(* Let $f\in L^2(\mathbb{R},\Phi)$ be a convex function that is not identically zero. Then $f$ has Hermite rank at most $2$, i.e. at least one of $\int f h_0\,d\Phi$, $\int f h_1\,d\Phi$, $\int f h_2\,d\Phi$ is nonzero.
   Context: $\Phi$ denotes the standard normal distribution on $\mathbb{R}$ and $L^2(\mathbb{R},\Phi)=\{f:\int f^2\,d\Phi<\infty\}$. The Hermite polynomials are $h_m(x)=(-1)^m e^{x^2/2}\frac{d^m}{dx^m}e^{-x^2/2}$, $m=0,1,2,\dots$ (so $h_0=1$, $h_1(x)=x$, $h_2(x)=x^2-1$); they form an orthogonal basis of $L^2(\mathbb{R},\Phi)$, so every $f\in L^2(\mathbb{R},\Phi)$ has a unique expansion $f=\sum_{i\ge0}c_ih_i$. The Hermite rank of a nonzero $f$ is the smallest index $i$ with $c_i\neq 0$, equivalently with $\int f h_i\,d\Phi\ne 0$. *)

theory Defs
  imports "HOL-Probability.Probability"
begin

definition std_gauss :: "real measure" where
  "std_gauss = density lborel std_normal_density"

definition hermite :: "nat \<Rightarrow> real \<Rightarrow> real" where
  "hermite m x = (-1) ^ m * exp (x\<^sup>2 / 2) * ((deriv ^^ m) (\<lambda>t. exp (- t\<^sup>2 / 2)) x)"

definition L2_gauss :: "(real \<Rightarrow> real) \<Rightarrow> bool" where
  "L2_gauss f \<longleftrightarrow> f \<in> borel_measurable borel \<and> integrable std_gauss (\<lambda>x. (f x)\<^sup>2)"

end

theory Submission
  imports Defs
begin

text \<open>Let \<open>\<ell>\<close> be the chord of \<open>f\<close> through \<open>-1\<close> and \<open>1\<close>. By convexity \<open>g = f - \<ell>\<close> is
  \<open>\<le> 0\<close> on \<open>[-1, 1]\<close> and \<open>\<ge> 0\<close> outside, exactly the sign pattern of \<open>h\<^sub>2(x) = x\<^sup>2 - 1\<close>, so
  \<open>g h\<^sub>2 \<ge> 0\<close>. Affine functions are orthogonal to \<open>h\<^sub>2\<close>, hence if \<open>f \<perp> h\<^sub>2\<close> then
  \<open>\<integral> g h\<^sub>2 d\<Phi> = 0\<close>, and continuity of the convex \<open>g\<close> forces \<open>g = 0\<close>. Thus \<open>f\<close> is affine, and
  \<open>f \<perp> h\<^sub>0, h\<^sub>1\<close> makes it vanish.\<close>

lemma hermite_0 [simp]: "hermite 0 x = 1"
  by (simp add: hermite_def) (metis exp_minus_inverse)

lemma hermite_1 [simp]: "hermite 1 x = x"
proof -
  have "deriv (\<lambda>t::real. exp (- t\<^sup>2 / 2)) x = - x * exp (- x\<^sup>2 / 2)" for x
    by (rule DERIV_imp_deriv) (auto intro!: derivative_eq_intros)
  then show ?thesis
    by (simp add: hermite_def exp_minus_inverse)
qed

lemma hermite_2 [simp]: "hermite 2 x = x\<^sup>2 - 1"
proof -
  have funpow_2_apply: "(deriv ^^ 2) F = deriv (deriv F)" for F :: "real \<Rightarrow> real"
    by (simp add: numeral_2_eq_2)
  have d1: "deriv (\<lambda>t::real. exp (- t\<^sup>2 / 2)) = (\<lambda>t. - t * exp (- t\<^sup>2 / 2))"
    by (rule ext, rule DERIV_imp_deriv) (auto intro!: derivative_eq_intros)
  have d2: "deriv (\<lambda>t::real. - t * exp (- t\<^sup>2 / 2)) = (\<lambda>t. (t\<^sup>2 - 1) * exp (- t\<^sup>2 / 2))"
    by (rule ext, rule DERIV_imp_deriv)
      (auto intro!: derivative_eq_intros simp: algebra_simps power2_eq_square)
  have "(deriv ^^ 2) (\<lambda>t::real. exp (- t\<^sup>2 / 2)) = (\<lambda>t. (t\<^sup>2 - 1) * exp (- t\<^sup>2 / 2))"
    unfolding funpow_2_apply d1 d2 ..
  then show ?thesis
    by (simp add: hermite_def exp_minus_inverse)
qed

lemma integral_std_gauss:
  assumes "h \<in> borel_measurable borel"
  shows "(\<integral>x. h x \<partial>std_gauss) = (\<integral>x. std_normal_density x * h x \<partial>lborel)"
  unfolding std_gauss_def using assms by (subst integral_density) auto

lemma integrable_std_gauss_iff:
  assumes "h \<in> borel_measurable borel"
  shows "integrable std_gauss h \<longleftrightarrow> integrable lborel (\<lambda>x. std_normal_density x * h x)"
  unfolding std_gauss_def using assms by (subst integrable_density) auto

lemma AE_std_gauss_iff: "(AE x in std_gauss. P x) \<longleftrightarrow> (AE x in lborel. P x)"
  unfolding std_gauss_def by (subst AE_density) (auto simp: normal_density_pos)

lemma has_bochner_integral_std_gauss_power_even:
  "has_bochner_integral std_gauss (\<lambda>x. x ^ (2 * k)) (fact (2 * k) / (2 ^ k * fact k))"
  using std_normal_moment_even[of k]
  by (simp add: has_bochner_integral_iff integrable_std_gauss_iff integral_std_gauss)

lemma has_bochner_integral_std_gauss_power_odd:
  "has_bochner_integral std_gauss (\<lambda>x. x ^ (2 * k + 1)) 0"
  using std_normal_moment_odd[of k]
  by (simp add: has_bochner_integral_iff integrable_std_gauss_iff integral_std_gauss)

lemma integrable_std_gauss_power: "integrable std_gauss (\<lambda>x. x ^ k)"
  using integrable_std_normal_moment[of k] by (simp add: integrable_std_gauss_iff)

lemma integrable_mult_if_square_integrable:
  fixes f g :: "'a \<Rightarrow> real"
  assumes [measurable]: "f \<in> borel_measurable M" "g \<in> borel_measurable M"
    and "integrable M (\<lambda>x. (f x)\<^sup>2)" "integrable M (\<lambda>x. (g x)\<^sup>2)"
  shows "integrable M (\<lambda>x. f x * g x)"
proof (rule Bochner_Integration.integrable_bound)
  show "integrable M (\<lambda>x. (f x)\<^sup>2 + (g x)\<^sup>2)"
    using assms by (intro Bochner_Integration.integrable_add)
  have "\<bar>a * b\<bar> \<le> a\<^sup>2 + b\<^sup>2" for a b :: real
    using sum_squares_bound[of "\<bar>a\<bar>" "\<bar>b\<bar>"] abs_ge_zero[of "a * b"]
    unfolding abs_mult power2_abs by linarith
  then show "AE x in M. norm (f x * g x) \<le> norm ((f x)\<^sup>2 + (g x)\<^sup>2)"
    by simp
qed measurable

lemma L2_gauss_integrable_mult_power:
  assumes "L2_gauss f"
  shows "integrable std_gauss (\<lambda>x. f x * x ^ k)"
proof (rule integrable_mult_if_square_integrable)
  show "integrable std_gauss (\<lambda>x. (x ^ k)\<^sup>2)"
    using integrable_std_gauss_power[of "2 * k"] by (simp add: power_mult[symmetric] mult.commute)
qed (use assms in \<open>auto simp: L2_gauss_def std_gauss_def\<close>)

lemma convex_on_UNIV_three_points:
  fixes f :: "real \<Rightarrow> real"
  assumes "convex_on UNIV f" "u < v" "v < w"
  shows "(w - u) * f v \<le> (w - v) * f u + (v - u) * f w"
proof -
  have "f v \<le> (f w - f u) / (w - u) * (v - u) + f u"
    using assms by (intro convex_onD_Icc' convex_on_subset[OF assms(1)]) auto
  then have "(w - u) * f v \<le> (w - u) * ((f w - f u) / (w - u) * (v - u) + f u)"
    using assms by (intro mult_left_mono) auto
  also have "\<dots> = (w - v) * f u + (v - u) * f w"
    using assms by (simp add: field_simps)
  finally show ?thesis .
qed

lemma convex_on_UNIV_sign_between_zeros:
  fixes g :: "real \<Rightarrow> real"
  assumes "convex_on UNIV g" "g (-1) = 0" "g 1 = 0"
  shows "0 \<le> g x * (x\<^sup>2 - 1)"
proof -
  have factor: "x\<^sup>2 - 1 = (x + 1) * (x - 1)"
    by (simp add: algebra_simps power2_eq_square)
  consider "x < -1" | "-1 < x" "x < 1" | "1 < x" | "x = -1 \<or> x = 1"
    by linarith
  then show ?thesis
  proof cases
    case 1
    with convex_on_UNIV_three_points[OF assms(1) 1, of 1] assms have "0 \<le> g x"
      by (simp add: zero_le_mult_iff)
    with 1 show ?thesis
      unfolding factor by (simp add: mult_nonpos_nonpos)
  next
    case 2
    with convex_on_UNIV_three_points[OF assms(1), of "-1" x 1] assms have "g x \<le> 0"
      by simp
    with 2 show ?thesis
      unfolding factor by (simp add: mult_nonpos_nonpos mult_nonneg_nonpos)
  next
    case 3
    with convex_on_UNIV_three_points[OF assms(1), of "-1" 1 x] assms have "0 \<le> g x"
      by (simp add: zero_le_mult_iff)
    with 3 show ?thesis
      unfolding factor by simp
  qed (use assms in auto)
qed

lemma continuous_eq_0_if_AE_lborel_eq_0:
  fixes h :: "real \<Rightarrow> real"
  assumes "continuous_on UNIV h" "AE x in lborel. h x = 0"
  shows "h x = 0"
proof -
  have "closed {x. h x = 0}"
    using assms(1) by (intro closed_Collect_eq) auto
  moreover have "AE x in lebesgue. x \<in> {x. h x = 0}"
    using AE_completion[OF assms(2)] by simp
  ultimately show ?thesis
    using mem_closed_if_AE_lebesgue by blast
qed

lemma convex_on_UNIV_eq_0_if_orthogonal_hermite_2:
  fixes g :: "real \<Rightarrow> real"
  assumes convex: "convex_on UNIV g" and zeros: "g (-1) = 0" "g 1 = 0"
    and orth: "has_bochner_integral std_gauss (\<lambda>x. g x * (x\<^sup>2 - 1)) 0"
  shows "g x = 0"
proof -
  have cont: "continuous_on UNIV (\<lambda>x. g x * (x\<^sup>2 - 1))"
    using convex_on_continuous[OF open_UNIV convex] by (intro continuous_intros)
  have "AE x in std_gauss. g x * (x\<^sup>2 - 1) = 0"
    using orth convex_on_UNIV_sign_between_zeros[OF convex zeros]
    by (subst integral_nonneg_eq_0_iff_AE[symmetric]) (auto simp: has_bochner_integral_iff)
  then have "g x * (x\<^sup>2 - 1) = 0"
    by (intro continuous_eq_0_if_AE_lborel_eq_0[OF cont]) (simp add: AE_std_gauss_iff)
  then show ?thesis
    using zeros by (auto simp: power2_eq_1_iff)
qed

lemma convex_on_diff_affine:
  fixes f :: "real \<Rightarrow> real"
  assumes "convex_on S f"
  shows "convex_on S (\<lambda>x. f x - (c + a * x))"
proof (rule convex_on_diff[OF assms])
  show "concave_on S (\<lambda>x. c + a * x)"
    using convex_on_imp_convex[OF assms]
    by (auto simp: concave_on_def convex_on_def algebra_simps simp flip: distrib_right)
qed

lemma has_bochner_integral_std_gauss_affine_mult_hermite_2:
  "has_bochner_integral std_gauss (\<lambda>x. (c + a * x) * (x\<^sup>2 - 1)) 0"
proof -
  have "has_bochner_integral std_gauss
      (\<lambda>x. c * x ^ (2 * 1) - c * x ^ (2 * 0) + (a * x ^ (2 * 1 + 1) - a * x ^ (2 * 0 + 1)))
      (c * 1 - c * 1 + (a * 0 - a * 0))"
    using has_bochner_integral_std_gauss_power_even[of 1] has_bochner_integral_std_gauss_power_even[of 0]
      has_bochner_integral_std_gauss_power_odd[of 1] has_bochner_integral_std_gauss_power_odd[of 0]
    by (intro has_bochner_integral_add has_bochner_integral_diff has_bochner_integral_mult_right) auto
  then show ?thesis
    by (simp add: algebra_simps power2_eq_square power3_eq_cube)
qed

lemma has_bochner_integral_std_gauss_affine:
  "has_bochner_integral std_gauss (\<lambda>x. c + a * x) c"
  "has_bochner_integral std_gauss (\<lambda>x. (c + a * x) * x) a"
proof -
  note moments = has_bochner_integral_std_gauss_power_even[of 0] has_bochner_integral_std_gauss_power_even[of 1]
    has_bochner_integral_std_gauss_power_odd[of 0]
  have "has_bochner_integral std_gauss (\<lambda>x. c * x ^ (2 * 0) + a * x ^ (2 * 0 + 1)) (c * 1 + a * 0)"
    using moments by (intro has_bochner_integral_add has_bochner_integral_mult_right) auto
  then show "has_bochner_integral std_gauss (\<lambda>x. c + a * x) c"
    by simp
  have "has_bochner_integral std_gauss (\<lambda>x. c * x ^ (2 * 0 + 1) + a * x ^ (2 * 1)) (c * 0 + a * 1)"
    using moments by (intro has_bochner_integral_add has_bochner_integral_mult_right) auto
  then show "has_bochner_integral std_gauss (\<lambda>x. (c + a * x) * x) a"
    by (simp add: algebra_simps power2_eq_square)
qed

theorem lemma2:
  fixes f :: "real \<Rightarrow> real"
  assumes "L2_gauss f"
    and "convex_on UNIV f"
    and "f \<noteq> (\<lambda>x. 0)"
  shows "\<exists>i\<le>2. (\<integral>x. f x * hermite i x \<partial>std_gauss) \<noteq> 0"
proof (rule ccontr)
  assume "\<not> ?thesis"
  then have orth: "(\<integral>x. f x * hermite i x \<partial>std_gauss) = 0" if "i \<le> 2" for i
    using that by auto
  note integrable = L2_gauss_integrable_mult_power[OF assms(1)]
  have orth_0: "has_bochner_integral std_gauss f 0"
    using orth[of 0] integrable[of 0] by (simp add: has_bochner_integral_iff)
  have orth_1: "has_bochner_integral std_gauss (\<lambda>x. f x * x) 0"
    using orth[of 1, unfolded hermite_1] integrable[of 1] by (simp add: has_bochner_integral_iff)
  have orth_2: "has_bochner_integral std_gauss (\<lambda>x. f x * (x\<^sup>2 - 1)) 0"
    using orth[of 2] Bochner_Integration.integrable_diff[OF integrable[of 2] integrable[of 0]]
    by (simp add: has_bochner_integral_iff right_diff_distrib)
  define a where "a = (f 1 - f (-1)) / 2"
  define c where "c = (f 1 + f (-1)) / 2"
  have "f x - (c + a * x) = 0" for x
  proof (rule convex_on_UNIV_eq_0_if_orthogonal_hermite_2[where g = "\<lambda>x. f x - (c + a * x)"])
    show "convex_on UNIV (\<lambda>x. f x - (c + a * x))"
      using assms(2) by (rule convex_on_diff_affine)
    show "f (-1) - (c + a * -1) = 0" "f 1 - (c + a * 1) = 0"
      by (simp_all add: a_def c_def field_simps)
    show "has_bochner_integral std_gauss (\<lambda>x. (f x - (c + a * x)) * (x\<^sup>2 - 1)) 0"
      using has_bochner_integral_diff[OF orth_2 has_bochner_integral_std_gauss_affine_mult_hermite_2]
      by (simp add: left_diff_distrib)
  qed
  then have affine: "f = (\<lambda>x. c + a * x)"
    by auto
  have "c = 0" "a = 0"
    using orth_0 orth_1 has_bochner_integral_std_gauss_affine
    unfolding affine by (metis has_bochner_integral_integral_eq)+
  with affine assms(3) show False
    by simp
qed

end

= What this task involves =
From the records above, transcribe exactly the run of lines that opens with the line holding "std_gauss (\<lambda>x. g" and closes with the line holding "using convex_on_continuous[OF open_UNIV", both included.

= Output of the exercise =
    and orth: "has_bochner_integral std_gauss (\<lambda>x. g x * (x\<^sup>2 - 1)) 0"
  shows "g x = 0"
proof -
  have cont: "continuous_on UNIV (\<lambda>x. g x * (x\<^sup>2 - 1))"
    using convex_on_continuous[OF open_UNIV convex] by (intro continuous_intros)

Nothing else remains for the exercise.